Modeling individual growth rates

To acquire a heritable phenotype that may have been affected by fishing pressure, we modeled individual growth using the age information. Although it was recently confirmed that the growth of EBC has decreased over last decades (96), it is crucial to obtain the growth pattern of sequenced individuals to integrate genotype and phenotype.

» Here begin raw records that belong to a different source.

section \<open>Windows of geodesic rays\<close>

definition ray_step :: "('a, 'b) monoid_scheme \<Rightarrow> (real \<Rightarrow> ('a \<times> real) set) \<Rightarrow> nat \<Rightarrow> 'a" where
  "ray_step G \<gamma> k = inv\<^bsub>G\<^esub> ray_vertex \<gamma> k \<otimes>\<^bsub>G\<^esub> ray_vertex \<gamma> (Suc k)"

definition ray_window :: "('a, 'b) monoid_scheme \<Rightarrow> (real \<Rightarrow> ('a \<times> real) set) \<Rightarrow> nat \<Rightarrow> nat \<Rightarrow> 'a list" where
  "ray_window G \<gamma> n N = map (\<lambda>i. ray_step G \<gamma> (n + i)) [0..<N]"

definition morse_windows :: "('a, 'b) monoid_scheme \<Rightarrow> 'a set \<Rightarrow> (real \<Rightarrow> real) \<Rightarrow> nat \<Rightarrow> 'a list set" where
  "morse_windows G S M N = {ray_window G \<gamma> n N | \<gamma> n.
     cay_geodesic_ray G S \<gamma> \<and> is_morse (cay_points G S) (cay_dist G S) M \<gamma> {0..}}"

context connected_cayley_graph
begin

lemma ray_step_mem:
  assumes ray: "cay_geodesic_ray G S \<gamma>"
  shows "ray_step G \<gamma> k \<in> S \<union> (\<lambda>s. inv s) ` S"
proof -
  obtain s where s: "s \<in> S" and step: "ray_vertex \<gamma> (Suc k) = ray_vertex \<gamma> k \<otimes> s \<or>
      ray_vertex \<gamma> k = ray_vertex \<gamma> (Suc k) \<otimes> s"
    using ray_vertex_adj[OF ray, of k] unfolding cay_adj_def by auto
  have "s \<in> carrier G" using s S_carrier by auto
  have a: "ray_vertex \<gamma> k \<in> carrier G" and b: "ray_vertex \<gamma> (Suc k) \<in> carrier G"
    using geodesic_ray_vertex(2)[OF ray] by auto
  from step show ?thesis
  proof
    assume "ray_vertex \<gamma> (Suc k) = ray_vertex \<gamma> k \<otimes> s"
    then have "ray_step G \<gamma> k = s"
      unfolding ray_step_def using a \<open>s \<in> carrier G\<close> by (simp add: m_assoc[symmetric])
    then show ?thesis using s by auto
  next
    assume "ray_vertex \<gamma> k = ray_vertex \<gamma> (Suc k) \<otimes> s"
    then have "ray_step G \<gamma> k = inv s"
      unfolding ray_step_def using b \<open>s \<in> carrier G\<close> by (simp add: inv_mult_group m_assoc)
    then show ?thesis using s by auto
  qed
qed

lemma morse_windows_subset_words:
  "morse_windows G S M N \<subseteq> {xs. set xs \<subseteq> S \<union> (\<lambda>s. inv s) ` S \<and> length xs = N}"
proof
  fix xs assume "xs \<in> morse_windows G S M N"
  then obtain \<gamma> n where ray: "cay_geodesic_ray G S \<gamma>" and xs: "xs = ray_window G \<gamma> n N"
    unfolding morse_windows_def by blast
  show "xs \<in> {xs. set xs \<subseteq> S \<union> (\<lambda>s. inv s) ` S \<and> length xs = N}"
    unfolding xs ray_window_def using ray_step_mem[OF ray] by (simp add: image_subset_iff)
qed

lemma countable_morse_window_types:
  assumes "finite S"
  shows "countable ((\<lambda>M. (N M, morse_windows G S M (N M))) ` A)"
proof (rule countable_subset)
  show "(\<lambda>M. (N M, morse_windows G S M (N M))) ` A \<subseteq>
      {(N, W) | N W. W \<subseteq> {xs. set xs \<subseteq> S \<union> (\<lambda>s. inv s) ` S \<and> length xs = N}}"
    using morse_windows_subset_words by blast
  show "countable {(N, W) | N W. W \<subseteq> {xs. set xs \<subseteq> S \<union> (\<lambda>s. inv s) ` S \<and> length xs = N}}"
    by (rule countable_length_indexed_word_sets) (simp add: assms)
qed

lemma ray_vertex_window_translate:
  assumes ray: "cay_geodesic_ray G S \<gamma>" and ray': "cay_geodesic_ray G S \<gamma>'"
    and same: "ray_window G \<gamma> n N = ray_window G \<gamma>' n' N"
  shows "i \<le> N \<Longrightarrow>
    ray_vertex \<gamma> (n + i) = (ray_vertex \<gamma> n \<otimes> inv (ray_vertex \<gamma>' n')) \<otimes> ray_vertex \<gamma>' (n' + i)"
proof (induction i)
  case 0
  show ?case using geodesic_ray_vertex(2)[OF ray] geodesic_ray_vertex(2)[OF ray'] by (simp add: m_assoc)
next
  case (Suc i)
  have carrier: "ray_vertex \<gamma> m \<in> carrier G" "ray_vertex \<gamma>' m \<in> carrier G" for m
    using geodesic_ray_vertex(2)[OF ray] geodesic_ray_vertex(2)[OF ray'] by auto
  have step_carrier: "ray_step G \<gamma>' m \<in> carrier G" for m
    unfolding ray_step_def using carrier by simp
  have next_vertex: "ray_vertex \<beta> (Suc m) = ray_vertex \<beta> m \<otimes> ray_step G \<beta> m"
    if "\<beta> = \<gamma> \<or> \<beta> = \<gamma>'" for \<beta> m
    unfolding ray_step_def using that carrier by (auto simp: m_assoc[symmetric])
  have "ray_step G \<gamma> (n + i) = ray_step G \<gamma>' (n' + i)"
    using arg_cong[OF same, of "\<lambda>xs. xs ! i"] Suc.prems unfolding ray_window_def by simp
  then show ?case
    using Suc next_vertex[of \<gamma> "n + i"] next_vertex[of \<gamma>' "n' + i"] carrier step_carrier
    by (simp add: m_assoc)
qed

lemma geodesic_ray_window_translate:
  assumes ray: "cay_geodesic_ray G S \<gamma>" and ray': "cay_geodesic_ray G S \<gamma>'"
    and same: "ray_window G \<gamma> n N = ray_window G \<gamma>' n' N" and r: "r \<in> {0..real N}"
  shows "\<gamma> (real n + r) =
    cay_translate G (ray_vertex \<gamma> n \<otimes> inv (ray_vertex \<gamma>' n')) (\<gamma>' (real n' + r))"
proof -
  define x where "x = ray_vertex \<gamma> n \<otimes> inv (ray_vertex \<gamma>' n')"
  define i where "i = nat \<lfloor>r\<rfloor>"
  define u where "u = r - real i"
  have i: "real i \<le> r" "r < real i + 1"
    unfolding i_def using r of_int_floor_le[of r] real_of_int_floor_add_one_gt[of r] by auto
  then have "i \<le> N" using r by auto
  have vertex: "ray_vertex \<gamma> (n + j) = x \<otimes> ray_vertex \<gamma>' (n' + j)" if "j \<le> N" for j
    using ray_vertex_window_translate[OF ray ray' same that] unfolding x_def .
  show ?thesis
  proof (cases "u = 0")
    case True
    then have "r = real i" unfolding u_def by simp
    then show ?thesis
      using geodesic_ray_vertex(1)[OF ray, of "n + i"] geodesic_ray_vertex(1)[OF ray', of "n' + i"]
        vertex[OF \<open>i \<le> N\<close>]
      by (simp add: x_def cay_translate_vertex)
  next
    case False
    then have u: "0 < u" "u < 1" using i unfolding u_def by auto
    then have "i < N" using i r unfolding u_def by auto
    have "\<gamma> (real n + r) = \<gamma> (real (n + i) + u)" unfolding u_def by simp
    also have "\<dots> = cay_edge_point (ray_vertex \<gamma> (n + i)) (ray_vertex \<gamma> (Suc (n + i))) u"
      by (rule geodesic_ray_between_vertices[OF ray u])
    also have "\<dots> = cay_translate G x
        (cay_edge_point (ray_vertex \<gamma>' (n' + i)) (ray_vertex \<gamma>' (Suc (n' + i))) u)"
      using vertex[of i] vertex[of "Suc i"] \<open>i < N\<close> by (simp add: cay_translate_edge_point)
    also have "\<dots> = cay_translate G x (\<gamma>' (real (n' + i) + u))"
      by (simp only: geodesic_ray_between_vertices[OF ray' u])
    finally show ?thesis unfolding x_def u_def by simp
  qed
qed

lemma is_morse_window_translate:
  assumes ray: "cay_geodesic_ray G S \<gamma>" and ray': "cay_geodesic_ray G S \<gamma>'"
    and same: "ray_window G \<gamma> n N = ray_window G \<gamma>' n' N"
    and morse': "is_morse (cay_points G S) (cay_dist G S) M \<gamma>' {real n'..real n' + real N}"
  shows "is_morse (cay_points G S) (cay_dist G S) M \<gamma> {real n..real n + real N}"
proof -
  define x where "x = ray_vertex \<gamma> n \<otimes> inv (ray_vertex \<gamma>' n')"
  define c where "c = real n' - real n"
  have x: "x \<in> carrier G" "inv x \<in> carrier G"
    unfolding x_def using geodesic_ray_vertex(2)[OF ray] geodesic_ray_vertex(2)[OF ray'] by auto
  have shift: "real n + c = real n'" "real n + real N + c = real n' + real N"
    unfolding c_def by simp_all
  have morse_shifted: "is_morse (cay_points G S) (cay_dist G S) M \<gamma>' {real n + c..real n + real N + c}"
    unfolding shift by (rule morse')
  have points: "\<gamma>' ` {real n + c..real n + real N + c} \<subseteq> cay_points G S"
    using ray' unfolding geodesic_ray_def c_def by auto
  have translate: "\<gamma> u = cay_translate G x (\<gamma>' (u + c))" if "u \<in> {real n..real n + real N}" for u
    using geodesic_ray_window_translate[OF ray ray' same, of "u - real n"] that
    unfolding x_def c_def by (simp add: algebra_simps)
  have qg: "quasi_geodesic (cay_points G S) (cay_dist G S) 1 \<gamma> {real n..real n + real N}"
    by (rule geodesic_ray_quasi_geodesic[OF ray]) auto
  have maps: "cay_translate G y ` cay_points G S \<subseteq> cay_points G S" if "y \<in> carrier G" for y
    using cay_translate_points[OF that] by blast
  have inverse: "cay_translate G (inv x) (cay_translate G x P) = P"
    "cay_translate G x (cay_translate G (inv x) P) = P" if "P \<in> cay_points G S" for P
    using cay_translate_inv[OF x(1) that] cay_translate_inv[OF x(2) that]
      x(1) by simp_all
  show ?thesis
    by (rule is_morse_isometric_shift[OF morse_shifted points maps[OF x(1)]
          cay_dist_translate[OF x(1)] maps[OF x(2)]
          cay_dist_translate[OF x(2)] inverse translate qg])
qed

lemma geodesic_ray_locally_morse:
  assumes ray: "cay_geodesic_ray G S \<gamma>"
    and windows: "\<And>n. ray_window G \<gamma> n N \<in> morse_windows G S M N" and N: "L + 1 \<le> real N"
  shows "locally_morse_qg (cay_points G S) (cay_dist G S) L M 1 \<gamma> {0..}"
  unfolding locally_morse_qg_def
proof (intro conjI ballI allI impI)
  show "mpath (cay_points G S) (cay_dist G S) \<gamma> {0..}"
    using geodesic_ray_quasi_geodesic[OF ray, of "{0..}"] unfolding quasi_geodesic_def
    by (auto simp: is_interval_ci)
next
  fix s t :: real
  assume "s \<in> {0..}" and st: "s \<le> t \<and> t - s \<le> L"
  show qg: "quasi_geodesic (cay_points G S) (cay_dist G S) 1 \<gamma> {s..t}"
    using geodesic_ray_quasi_geodesic[OF ray, of "{s..t}"] \<open>s \<in> {0..}\<close> st
    by (auto simp: is_interval_cc)
  define n where "n = nat \<lfloor>s\<rfloor>"
  have n: "real n \<le> s" "s < real n + 1"
    unfolding n_def using \<open>s \<in> {0..}\<close> of_int_floor_le[of s] real_of_int_floor_add_one_gt[of s] by auto
  obtain \<gamma>' n' where ray': "cay_geodesic_ray G S \<gamma>'"
    and morse': "is_morse (cay_points G S) (cay_dist G S) M \<gamma>' {0..}"
    and same: "ray_window G \<gamma> n N = ray_window G \<gamma>' n' N"
    using windows[of n] unfolding morse_windows_def by auto
  have "is_morse (cay_points G S) (cay_dist G S) M \<gamma>' {real n'..real n' + real N}"
    by (rule is_morse_subinterval[OF morse' _ geodesic_ray_quasi_geodesic[OF ray']]) auto
  then have "is_morse (cay_points G S) (cay_dist G S) M \<gamma> {real n..real n + real N}"
    by (rule is_morse_window_translate[OF ray ray' same])
  moreover have "{s..t} \<subseteq> {real n..real n + real N}" using n st N by auto
  ultimately show "is_morse (cay_points G S) (cay_dist G S) M \<gamma> {s..t}"
    using is_morse_subinterval qg by blast
qed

To fully use the hierarchical nature of the data on otolith growth from core to chemical minima for consecutive ages of each fish, Bayesian hierarchical modeling was applied using R2jags v0.7.1 R package (102). The von Bertalanffy growth function (33) was fitted to distance from core to chemical annuli at age on otoliths from different catch years

$$L_a=L_{\infty }[1-e^{-k(t_a-t_0)}]$$

where L_a is distance from otolith core to each chemical annulus; t_a is the estimated age at the annulus; L_∞ is asymptotic length in an otolith scale, which is hypothetical otolith length at age of infinity; k is a growth coefficient; and t₀ is hypothetical age when length equals zero. Three levels of hierarchy included measurements of annuli at age, nested in a fish individual, again nested in a group of a catch year. As a result, L_∞ and k parameters were estimated for each individual and also each catch year. We took the most conservative approach of priors, applying a gamma distribution for catch years and normal distribution for individuals with relaxed standard deviations (details in scripts in the provided GitHub repository, see Data and materials availability). To fit the model, 100,000 iterations were observed for three Markov chain Monte Carlo (MCMC) chains, and the first 10,000 were discarded as burn-in. The median of potential scale reduction factor $\widehat{\left(R\right)}$ was 1.0036, and model convergence of the chains was visually examined in addition (fig. S11). As an additional assessment of the model, residuals were calculated from estimated otolith length from the model and observed length of otolith annuli (fig. S12). Here, the variance of residuals is larger for the first year that could be caused by the uneven number of observations that were fed to the model for each age. Nevertheless, the overall residuals remain near zero for all years. To avoid any bias of condition towards bigger fish, relative condition factor (35) was used to test whether fish condition could predict any of the growth parameters and Φ. Back-calculation of fish length was conducted using an equation from (103), using biological intercepts specific for Baltic cod (104). Accordingly, L₀, which is the fish length at age 0, was set to 4.3 and O₀, the otolith length at age 0 was set to 0.01.

DNA extractions

For genetic materials, DNA was extracted using otoliths from earlier years (1996–1998, 2002, and 2008) and fin clips from recent years, 2014 and 2019. Otoliths and fin clips were always handled with tools (e.g., forceps), which were cleaned with ethanol 70% and sterilized in between each individual sample to avoid cross contamination. The extraction procedure for both otoliths and fin clips were conducted following the standard protocols from either the DNeasy Blood & Tissue Kit (QIAGEN, Aarhus, Denmark) or the NucleoSpin Tissue Kit (Macherey-Nagel, Düren, Germany). Otoliths were fully submerged in the lysis buffer to lysate any remnant tissues and then removed from the buffer. The lysate then was treated as in the manuals provided by the kits. Fin clips were cut into small pieces (up to 25 mg), submerged in a lysis buffer, and then continued following the protocols. The extracted DNA was purified using the QIAGEN QIAquick PCR Purification Kit (QIAGEN, Aarhus, Denmark). DNA quality was checked with standard electrophoresis in 1% agarose gel, and the quantity was measured using NanoDrop and Qubit Assay (Thermo Fisher Scientific, Carlsbad, USA).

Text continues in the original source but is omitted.